(Collected data)
lemma symmetrise_T_k:
  assumes "hermitian d Obs" "0 < k" "k \<le> n" "x \<in> idx n d" "y \<in> idx n d"
  shows "symmetrise n (T_k n d k Obs) x y = symmetrise n (A_i n d k Obs 0) x y"
proof -
  let ?S = "symmetrise n (A_i n d k Obs 0) x y"
  let ?m = "n div k"
  have each: "symmetrise n (A_i n d k Obs i) x y + symmetrise n (adj (A_i n d k Obs i)) x y = 2 * ?S"
    if "i < ?m" for i
  proof -
    let ?\<sigma> = "block_swap (i * k) k"
    have "?\<sigma> permutes {..<n}" "?\<sigma> \<circ> block_cycle 0 k \<circ> block_neg k permutes {..<n}"
      using block_swap_permutes[OF mult_add_le_of_less_div[OF that]] block_cycle_permutes[of k 0 n]
        block_neg_permutes[of k n] assms(2,3)
      by (auto intro: permutes_compose)
    moreover have "symmetrise n (A_i n d k Obs i) x y
        = symmetrise n (conj_perm ?\<sigma> (A_i n d k Obs 0)) x y"
      by (rule symmetrise_cong[OF _ assms(4,5)]) (rule A_i_conj_block_swap[OF assms(2) that])
    moreover have "symmetrise n (adj (A_i n d k Obs i)) x y
        = symmetrise n (conj_perm (?\<sigma> \<circ> block_cycle 0 k \<circ> block_neg k) (A_i n d k Obs 0)) x y"
      by (rule symmetrise_cong[OF _ assms(4,5)]) (rule adj_A_i_conj_perm[OF assms(1,2) that])
    ultimately show ?thesis
      by (simp add: symmetrise_conj_perm)
  qed
  have "symmetrise n (T_k n d k Obs) x y = (1 / (2 * of_nat ?m)) *
      (\<Sum>i<?m. symmetrise n (A_i n d k Obs i) x y + symmetrise n (adj (A_i n d k Obs i)) x y)"
    unfolding T_k_def symmetrise_scaled_sum symmetrise_add ..
  also have "\<dots> = (1 / (2 * of_nat ?m)) * (\<Sum>i<?m. 2 * ?S)"
    using each by simp
  also have "\<dots> = ?S"
    using assms(2,3) by (simp add: div_greater_zero_iff)
  finally show ?thesis .
qed

section \<open>Positive semidefinite kernels\<close>

definition quad_form :: "'a set \<Rightarrow> ('a \<Rightarrow> 'a \<Rightarrow> complex) \<Rightarrow> ('a \<Rightarrow> complex) \<Rightarrow> complex" where
  "quad_form I M v = (\<Sum>i\<in>I. \<Sum>j\<in>I. cnj (v i) * M i j * v j)"

definition psd_on :: "'a set \<Rightarrow> ('a \<Rightarrow> 'a \<Rightarrow> complex) \<Rightarrow> bool" where
  "psd_on I M \<longleftrightarrow> (\<forall>v. 0 \<le> Re (quad_form I M v))"

definition hermitian_on :: "'a set \<Rightarrow> ('a \<Rightarrow> 'a \<Rightarrow> complex) \<Rightarrow> bool" where
  "hermitian_on I M \<longleftrightarrow> (\<forall>i\<in>I. \<forall>j\<in>I. M i j = cnj (M j i))"

lemma hermitian_on_lessThan_iff: "hermitian_on {..<d} M \<longleftrightarrow> hermitian d M"
  by (auto simp: hermitian_on_def hermitian_def)

lemma density_imp_psd_on: "density d \<rho> \<Longrightarrow> psd_on {..<d} \<rho>"
  by (simp add: density_def psd_on_def quad_form_def)

lemma psd_on_subset:
  assumes "psd_on I M" "J \<subseteq> I" "finite I"
  shows "psd_on J M"
  unfolding psd_on_def
proof
  fix v
  let ?v = "\<lambda>i. if i \<in> J then v i else 0 :: complex"
  have "quad_form I M ?v
      = (\<Sum>i\<in>J. \<Sum>j\<in>I. cnj (?v i) * M i j * ?v j)"
    unfolding quad_form_def using assms(2,3) by (intro sum.mono_neutral_right) auto
  also have "\<dots> = quad_form J M v"
    unfolding quad_form_def using assms(2,3) by (intro sum.cong refl sum.mono_neutral_cong_right) auto
  finally have "quad_form I M ?v = quad_form J M v" .
  then show "0 \<le> Re (quad_form J M v)"
    using assms(1) unfolding psd_on_def by metis
qed

lemma hermitian_on_subset: "hermitian_on I M \<Longrightarrow> J \<subseteq> I \<Longrightarrow> hermitian_on J M"
  by (auto simp: hermitian_on_def)

lemma psd_on_gram:
  assumes "\<And>i j. i \<in> I \<Longrightarrow> j \<in> I \<Longrightarrow> M i j = (\<Sum>m\<in>K. w m i * cnj (w m j))"
  shows "psd_on I M"
  unfolding psd_on_def
proof
  fix v
  let ?s = "\<lambda>m. \<Sum>i\<in>I. cnj (v i) * w m i"
  have "quad_form I M v = (\<Sum>i\<in>I. \<Sum>j\<in>I. \<Sum>m\<in>K. cnj (v i) * w m i * cnj (cnj (v j) * w m j))"
    unfolding quad_form_def using assms
    by (intro sum.cong refl) (simp add: sum_distrib_left sum_distrib_right mult_ac)
  also have "\<dots> = (\<Sum>m\<in>K. ?s m * cnj (?s m))"
    by (simp add: sum.swap[of _ K] sum_product cnj_sum)
  also have "\<dots> = (\<Sum>m\<in>K. complex_of_real ((cmod (?s m))\<^sup>2))"
    by (simp only: complex_norm_square)
  finally show "0 \<le> Re (quad_form I M v)"
    by (simp add: sum_nonneg)
qed
(*
  Write t = x - theta and sigma = sqrt v. Every combination a f + b df/dtheta + c df/dv + d df/dm is
  A(t) Phi(m t/sigma) phi(t/sigma) + B(t) phi(t/sigma) phi(m t/sigma) with polynomials A, B whose
  coefficients determine a, b, c, d; the last product is a Gaussian kernel of variance v/(1 + m^2).
  For m = 0 the derivatives in theta and m are proportional, and two indices with equal theta and
  v/(1 + m^2) have proportional derivatives in m: this is the dependence when P1 or P2 vanishes.
  Conversely, if every m is nonzero, the Mills ratio R(y) = (1 - Phi y)/phi y rewrites
  Phi(m t/sigma) phi(t/sigma) as a multiple of the kernel of variance v plus R(|m| t/sigma) times the
  kernel of variance v/(1 + m^2). As x -> infinity Gaussian kernels ordered by (variance, centre)
  dominate each other by more than any power of x. Dividing a vanishing combination by the dominant
  kernel and inserting R(y) = 1/y - 1/y^3 + 3/y^5 + o(y^-5) forces the polynomials attached to that
  kernel to vanish, so all coefficients vanish once P2 != 0 makes the kernels distinct.
*)

section \<open>Standard normal distribution function and Mills ratio\<close>

lemma std_normal_density_has_real_derivative:
  "(std_normal_density has_real_derivative - x * std_normal_density x) (at x)"
  unfolding std_normal_density_def
  by (auto intro!: derivative_eq_intros simp: power2_eq_square field_simps)

lemma set_integrable_std_normal_density:
  "A \<in> sets lborel \<Longrightarrow> set_integrable lborel A std_normal_density"
  unfolding set_integrable_def by (intro integrable_mult_indicator integrable_normal_density) auto

lemma std_normal_cdf_eq_interval_integral:
  "std_normal_cdf z = std_normal_cdf 0 + (LBINT t=0..z. std_normal_density t)"
proof (cases "0 \<le> z")
  case True
  then have "{..z} = {..0} \<union> {0<..z}" by auto
  then have "std_normal_cdf z = (LBINT t:{..0} \<union> {0<..z}. std_normal_density t)"
    unfolding std_normal_cdf_def by simp
  also have "\<dots> = std_normal_cdf 0 + (LBINT t:{0<..z}. std_normal_density t)"
    unfolding std_normal_cdf_def by (rule set_integral_Un) (auto intro!: set_integrable_std_normal_density)
  finally show ?thesis
    using True by (simp add: interval_integral_Ioc[of 0, simplified zero_ereal_def[symmetric]])
next
  case False
  then have "{..0} = {..z} \<union> {z<..0::real}" by auto
  then have "std_normal_cdf 0 = (LBINT t:{..z} \<union> {z<..0}. std_normal_density t)"
    unfolding std_normal_cdf_def by simp
  also have "\<dots> = std_normal_cdf z + (LBINT t:{z<..0}. std_normal_density t)"
    unfolding std_normal_cdf_def by (rule set_integral_Un) (auto intro!: set_integrable_std_normal_density)
  finally show ?thesis
    using False by (subst interval_integral_endpoints_reverse)
      (simp add: interval_integral_Ioc[of _ 0, simplified zero_ereal_def[symmetric]])
qed

lemma std_normal_cdf_has_real_derivative:
  "(std_normal_cdf has_real_derivative std_normal_density x) (at x)"
proof -
  let ?F = "\<lambda>z. LBINT t=0..z. std_normal_density t"
  define a b where "a = min 0 x - 1" and "b = max 0 x + 1"
  have "continuous_on {a..b} std_normal_density"
    unfolding std_normal_density_def by (intro continuous_intros) auto
  then have "(?F has_vector_derivative std_normal_density x) (at x within {a..b})"
    using interval_integral_FTC2[of a 0 b std_normal_density x] by (auto simp: a_def b_def zero_ereal_def)
  then have "(?F has_vector_derivative std_normal_density x) (at x within {a<..<b})"
    by (rule has_vector_derivative_within_subset) auto
  then have "(?F has_real_derivative std_normal_density x) (at x)"
    by (subst (asm) has_vector_derivative_within_open)
      (auto simp: a_def b_def has_real_derivative_iff_has_vector_derivative)
  then have "((\<lambda>z. std_normal_cdf 0 + ?F z) has_real_derivative std_normal_density x) (at x)"
    by (auto intro!: derivative_eq_intros)
  then show ?thesis
    by (subst (asm) std_normal_cdf_eq_interval_integral[symmetric])
qed

lemma tendsto_std_normal_cdf_at_bot: "(std_normal_cdf \<longlongrightarrow> 0) at_bot"
proof -
  have "((\<lambda>a. std_normal_cdf 0 - (LBINT t:{a..0}. std_normal_density t))
          \<longlongrightarrow> std_normal_cdf 0 - (LBINT t:{..0}. std_normal_density t)) at_bot"
    by (intro tendsto_intros tendsto_set_lebesgue_integral_at_bot set_integrable_std_normal_density) auto
  moreover have "\<forall>\<^sub>F a in at_bot. std_normal_cdf 0 - (LBINT t:{a..0}. std_normal_density t) = std_normal_cdf a"
    using eventually_le_at_bot[of 0]
    by eventually_elim
      (subst (2) std_normal_cdf_eq_interval_integral, subst interval_integral_endpoints_reverse,
       simp add: interval_integral_Icc[of _ 0, simplified zero_ereal_def[symmetric]])
  ultimately show ?thesis
    by (simp add: std_normal_cdf_def Lim_transform_eventually)
qed

lemma std_normal_cdf_0_plus_upper_half: "std_normal_cdf 0 + (LBINT t:{0..}. std_normal_density t) = 1"
proof -
  have "(LBINT t:{0..}. std_normal_density t) = (LBINT t:{0<..}. std_normal_density t)"
    using AE_lborel_singleton[of 0]
    by (intro set_integral_cong_set) (auto simp: set_borel_measurable_def elim!: eventually_mono)
  moreover have "std_normal_cdf 0 + (LBINT t:{0<..}. std_normal_density t) = (LBINT t:{..0} \<union> {0<..}. std_normal_density t)"
    unfolding std_normal_cdf_def by (rule set_integral_Un[symmetric]) (auto intro!: set_integrable_std_normal_density)
  moreover have "{..0::real} \<union> {0<..} = UNIV" by auto
  ultimately show ?thesis by (simp add: set_lebesgue_integral_def)
qed

lemma tendsto_std_normal_cdf_at_top: "(std_normal_cdf \<longlongrightarrow> 1) at_top"
proof -
  have "((\<lambda>b. std_normal_cdf 0 + (LBINT t:{0..b}. std_normal_density t))
          \<longlongrightarrow> std_normal_cdf 0 + (LBINT t:{0..}. std_normal_density t)) at_top"
    by (intro tendsto_intros tendsto_set_lebesgue_integral_at_top set_integrable_std_normal_density) auto
  moreover have "\<forall>\<^sub>F b in at_top. std_normal_cdf 0 + (LBINT t:{0..b}. std_normal_density t) = std_normal_cdf b"
    using eventually_ge_at_top[of 0]
    by eventually_elim
      (subst std_normal_cdf_eq_interval_integral, simp add: interval_integral_Icc[of 0, simplified zero_ereal_def[symmetric]])
  ultimately show ?thesis
    unfolding std_normal_cdf_0_plus_upper_half by (rule Lim_transform_eventually)
qed

lemma std_normal_cdf_minus: "std_normal_cdf (- y) = 1 - std_normal_cdf y"
proof -
  define h where "h y = std_normal_cdf y + std_normal_cdf (- y)" for y
  have "(h has_real_derivative 0) (at y)" for y
    unfolding h_def
    by (auto intro!: derivative_eq_intros DERIV_chain2[OF std_normal_cdf_has_real_derivative]
        simp: std_normal_density_def)
  then have const: "h y = h 0" for y
    by (metis DERIV_isconst_all)
  have "(h \<longlongrightarrow> 1 + 0) at_top"
    unfolding h_def
    by (intro tendsto_add tendsto_std_normal_cdf_at_top
        filterlim_compose[OF tendsto_std_normal_cdf_at_bot filterlim_uminus_at_bot_at_top])
  moreover have "(h \<longlongrightarrow> h 0) at_top"
    using const by (simp add: tendsto_eventually)
  ultimately have "h 0 = 1"
    using tendsto_unique[OF trivial_limit_at_top_linorder] by fastforce
  then show ?thesis
    using const[of y] by (simp add: h_def)
qed

lemma nonneg_if_deriv_nonpos_tendsto_zero:
  fixes h h' :: "real \<Rightarrow> real"
  assumes deriv: "\<And>t. t \<ge> y \<Longrightarrow> (h has_real_derivative h' t) (at t)"
    and nonpos: "\<And>t. t \<ge> y \<Longrightarrow> h' t \<le> 0"
    and lim: "(h \<longlongrightarrow> 0) at_top"
  shows "0 \<le> h y"
proof -
  have "\<forall>\<^sub>F t in at_top. h t \<le> h y"
    using eventually_ge_at_top[of y]
  proof eventually_elim
    case (elim t)
    show ?case
      by (rule DERIV_nonpos_imp_nonincreasing[OF elim]) (use deriv nonpos in auto)
  qed
  with lim show ?thesis
    by (rule tendsto_upperbound) simp
qed

lemma std_normal_tail_upper:
  assumes "y > 0"
  shows "1 - std_normal_cdf y \<le> std_normal_density y * (1/y - 1/y^3 + 3/y^5)"
proof -
  define h where "h t = std_normal_density t * (1/t - 1/t^3 + 3/t^5) - (1 - std_normal_cdf t)" for t
  have "(h has_real_derivative - 15 * std_normal_density t / t^6) (at t)" if "t \<ge> y" for t
    unfolding h_def using that assms
    by (auto intro!: derivative_eq_intros std_normal_density_has_real_derivative
        std_normal_cdf_has_real_derivative simp: field_simps eval_nat_numeral)
  moreover have "((\<lambda>t. std_normal_density t * (1/t - 1/t^3 + 3/t^5)) \<longlongrightarrow> 0) at_top"
    unfolding std_normal_density_def by real_asymp
  then have "(h \<longlongrightarrow> 0 - (1 - 1)) at_top"
    unfolding h_def by (intro tendsto_intros tendsto_std_normal_cdf_at_top)
  ultimately have "0 \<le> h y"
    by (intro nonneg_if_deriv_nonpos_tendsto_zero) (auto intro: less_imp_le)
  then show ?thesis
    by (simp add: h_def)
qed
lemma gamma_approx_double:
  assumes N: "N \<ge> 2"
  shows "gamma_approx (2 * N) = gamma_approx N"
proof -
  have "{2 * N..<2 * (2 * N)} = {2 * N..Suc (2 * (2 * N - 1))}" "{N..<2 * N} = {N..2 * N - 1}"
    using N by auto
  then have "(\<Sum>n\<in>{2 * N..<2 * (2 * N)}. phi (1 / real n))
      = (\<Sum>n\<in>{N..<2 * N}. phi (1 / real (2 * n)) + phi (1 / real (Suc (2 * n))))"
    by (simp only: sum.in_pairs)
  also have "\<dots> = (\<Sum>n\<in>{N..<2 * N}. phi (1 / (2 * real n)) + phi (1 / (2 * real n + 1)))"
    by (simp add: add.commute)
  also have "\<dots> = (\<Sum>n\<in>{N..<2 * N}. phi (1 / real n) - 1 / n + (ln (real n + 1) - ln n))"
    using N by (intro sum.cong refl phi_reciprocal_equation) auto
  also have "\<dots> = (\<Sum>n\<in>{N..<2 * N}. phi (1 / real n)) - (\<Sum>n\<in>{N..<2 * N}. 1 / real n)
      + (\<Sum>n\<in>{N..<2 * N}. ln (Suc n) - ln n)"
    by (simp add: sum.distrib sum_subtractf add.commute)
  also have "(\<Sum>n\<in>{N..<2 * N}. 1 / real n) = harm (2 * N - 1) - harm (N - 1)"
    using N by (intro sum_reciprocals_eq_harm_diff) auto
  also have "(\<Sum>n\<in>{N..<2 * N}. ln (Suc n) - ln n) = ln (2 * N) - ln N"
    using sum_Suc_diff'[of N "2 * N" "\<lambda>n. ln (real n)"] by simp
  finally show ?thesis
    unfolding gamma_approx_def by simp
qed

lemma abs_phi_block_le:
  fixes N :: nat
  assumes "N \<ge> 2"
  shows "\<bar>\<Sum>n\<in>{N..<2 * N}. phi (1 / real n)\<bar> \<le> 2 / N"
proof -
  have "\<bar>phi (1 / real n)\<bar> \<le> 2 / real N ^ 2" if "n \<in> {N..<2 * N}" for n
  proof -
    have "\<bar>phi (1 / real n)\<bar> \<le> 2 * (1 / n)\<^sup>2"
      using that assms by (intro abs_phi_le) auto
    also have "\<dots> \<le> 2 * (1 / N)\<^sup>2"
      using that assms by (intro mult_left_mono power_mono) (auto simp: field_simps)
    finally show ?thesis
      by (simp add: power_divide)
  qed
  then have "\<bar>\<Sum>n\<in>{N..<2 * N}. phi (1 / real n)\<bar> \<le> real (card {N..<2 * N}) * (2 / real N ^ 2)"
    by (intro order.trans[OF sum_abs sum_bounded_above]) auto
  also have "\<dots> = 2 / N"
    using assms by (simp add: power2_eq_square)
  finally show ?thesis .
qed
(* For every $n\ge2$, every $\omega\in[0,1)$, every $l\in[1,n)$, every $r\in(l,n]$ (integers) and every $t\in\mathbb R$, $$\|[\tau_t^n(c_l),a_r^*]\|\ge\big|(e^{-2iH_n(\omega)t})_{l,r}\big|.$$
   Context: Setting: $V_j=\lambda\chi_{[1-\phi^{-1},1)}(j\phi^{-1}+\omega\bmod1)$, $\lambda>0$, $\phi=\frac{1+\sqrt5}2$; $\mathcal H_n=\bigotimes_{j=1}^n\mathbb C^2$; $H_n^{XY}=-\sum_{j=1}^{n-1}(\sigma^x_j\sigma^x_{j+1}+\sigma^y_j\sigma^y_{j+1})+\sum_{j=1}^nV_j\sigma^z_j$; $\tau_t^n(A)=e^{itH_n^{XY}}Ae^{-itH_n^{XY}}$. $a_j=\frac12(\sigma^x_j-i\sigma^y_j)$, $a_j^*$ its adjoint; $c_1=a_1$, $c_j=\sigma^z_1\cdots\sigma^z_{j-1}a_j$. $H_n(\omega)$ is the $n\times n$ real symmetric tridiagonal matrix with diagonal entries $V_1,\dots,V_n$ and all off-diagonal entries (on the first super- and sub-diagonals) equal to $1$; $(M)_{l,r}$ denotes the $(l,r)$ matrix entry. *)

theory Defs
  imports "HOL-Analysis.Analysis" "Jordan_Normal_Form.Schur_Decomposition"
begin

definition golden :: real where "golden = (1 + sqrt 5) / 2"

definition fib_pot :: "real \<Rightarrow> real \<Rightarrow> nat \<Rightarrow> real" where
  "fib_pot lam \<omega> j =
     lam * (if frac (real j / golden + \<omega>) \<in> {1 - 1 / golden ..< 1} then 1 else 0)"

text \<open>Kronecker (tensor) product of matrices; with this convention
  kron A B corresponds to A \<otimes> B (first factor most significant).\<close>
definition kron :: "'a :: times mat \<Rightarrow> 'a mat \<Rightarrow> 'a mat" where
  "kron A B = mat (dim_row A * dim_row B) (dim_col A * dim_col B)
     (\<lambda>(i, j). A $$ (i div dim_row B, j div dim_col B) * B $$ (i mod dim_row B, j mod dim_col B))"

definition pauli_x :: "complex mat" where "pauli_x = mat_of_rows_list 2 [[0, 1], [1, 0]]"
definition pauli_y :: "complex mat" where "pauli_y = mat_of_rows_list 2 [[0, - \<i>], [\<i>, 0]]"
definition pauli_z :: "complex mat" where "pauli_z = mat_of_rows_list 2 [[1, 0], [0, -1]]"

definition site_op :: "nat \<Rightarrow> nat \<Rightarrow> complex mat \<Rightarrow> complex mat" where
  "site_op n j M = kron (kron (1\<^sub>m (2 ^ (j - 1))) M) (1\<^sub>m (2 ^ (n - j)))"

definition sx :: "nat \<Rightarrow> nat \<Rightarrow> complex mat" where "sx n j = site_op n j pauli_x"
definition sy :: "nat \<Rightarrow> nat \<Rightarrow> complex mat" where "sy n j = site_op n j pauli_y"
definition sz :: "nat \<Rightarrow> nat \<Rightarrow> complex mat" where "sz n j = site_op n j pauli_z"

definition msum :: "nat \<Rightarrow> (nat \<Rightarrow> complex mat) \<Rightarrow> nat list \<Rightarrow> complex mat" where
  "msum d f xs = foldr (\<lambda>k acc. f k + acc) xs (0\<^sub>m d d)"

definition H_XY :: "real \<Rightarrow> real \<Rightarrow> nat \<Rightarrow> complex mat" where
  "H_XY lam \<omega> n =
     - msum (2 ^ n) (\<lambda>j. sx n j * sx n (j + 1) + sy n j * sy n (j + 1)) [1..<n]
     + msum (2 ^ n) (\<lambda>j. complex_of_real (fib_pot lam \<omega> j) \<cdot>\<^sub>m sz n j) [1..<n + 1]"

definition mexp :: "complex mat \<Rightarrow> complex mat" where
  "mexp A = mat (dim_row A) (dim_row A) (\<lambda>(i, j). \<Sum>k. (A ^\<^sub>m k) $$ (i, j) / of_nat (fact k))"

definition tau :: "real \<Rightarrow> real \<Rightarrow> nat \<Rightarrow> real \<Rightarrow> complex mat \<Rightarrow> complex mat" where
  "tau lam \<omega> n t A =
     mexp ((\<i> * complex_of_real t) \<cdot>\<^sub>m H_XY lam \<omega> n) * A
     * mexp ((- \<i> * complex_of_real t) \<cdot>\<^sub>m H_XY lam \<omega> n)"

definition a_op :: "nat \<Rightarrow> nat \<Rightarrow> complex mat" where
  "a_op n j = (1 / 2 :: complex) \<cdot>\<^sub>m (sx n j - \<i> \<cdot>\<^sub>m sy n j)"

definition c_op :: "nat \<Rightarrow> nat \<Rightarrow> complex mat" where
  "c_op n j = foldr (\<lambda>k acc. sz n k * acc) [1..<j] (a_op n j)"

definition commutator :: "complex mat \<Rightarrow> complex mat \<Rightarrow> complex mat" where
  "commutator A B = A * B - B * A"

## Problem requirements:
What you return must be the lines above that run from the line with "fixes N :: nat" to the line with "n)\<bar> \<le> 2 *", inclusive, each copied exactly.

## Response:
  fixes N :: nat
  assumes "N \<ge> 2"
  shows "\<bar>\<Sum>n\<in>{N..<2 * N}. phi (1 / real n)\<bar> \<le> 2 / N"
proof -
  have "\<bar>phi (1 / real n)\<bar> \<le> 2 / real N ^ 2" if "n \<in> {N..<2 * N}" for n
  proof -
    have "\<bar>phi (1 / real n)\<bar> \<le> 2 * (1 / n)\<^sup>2"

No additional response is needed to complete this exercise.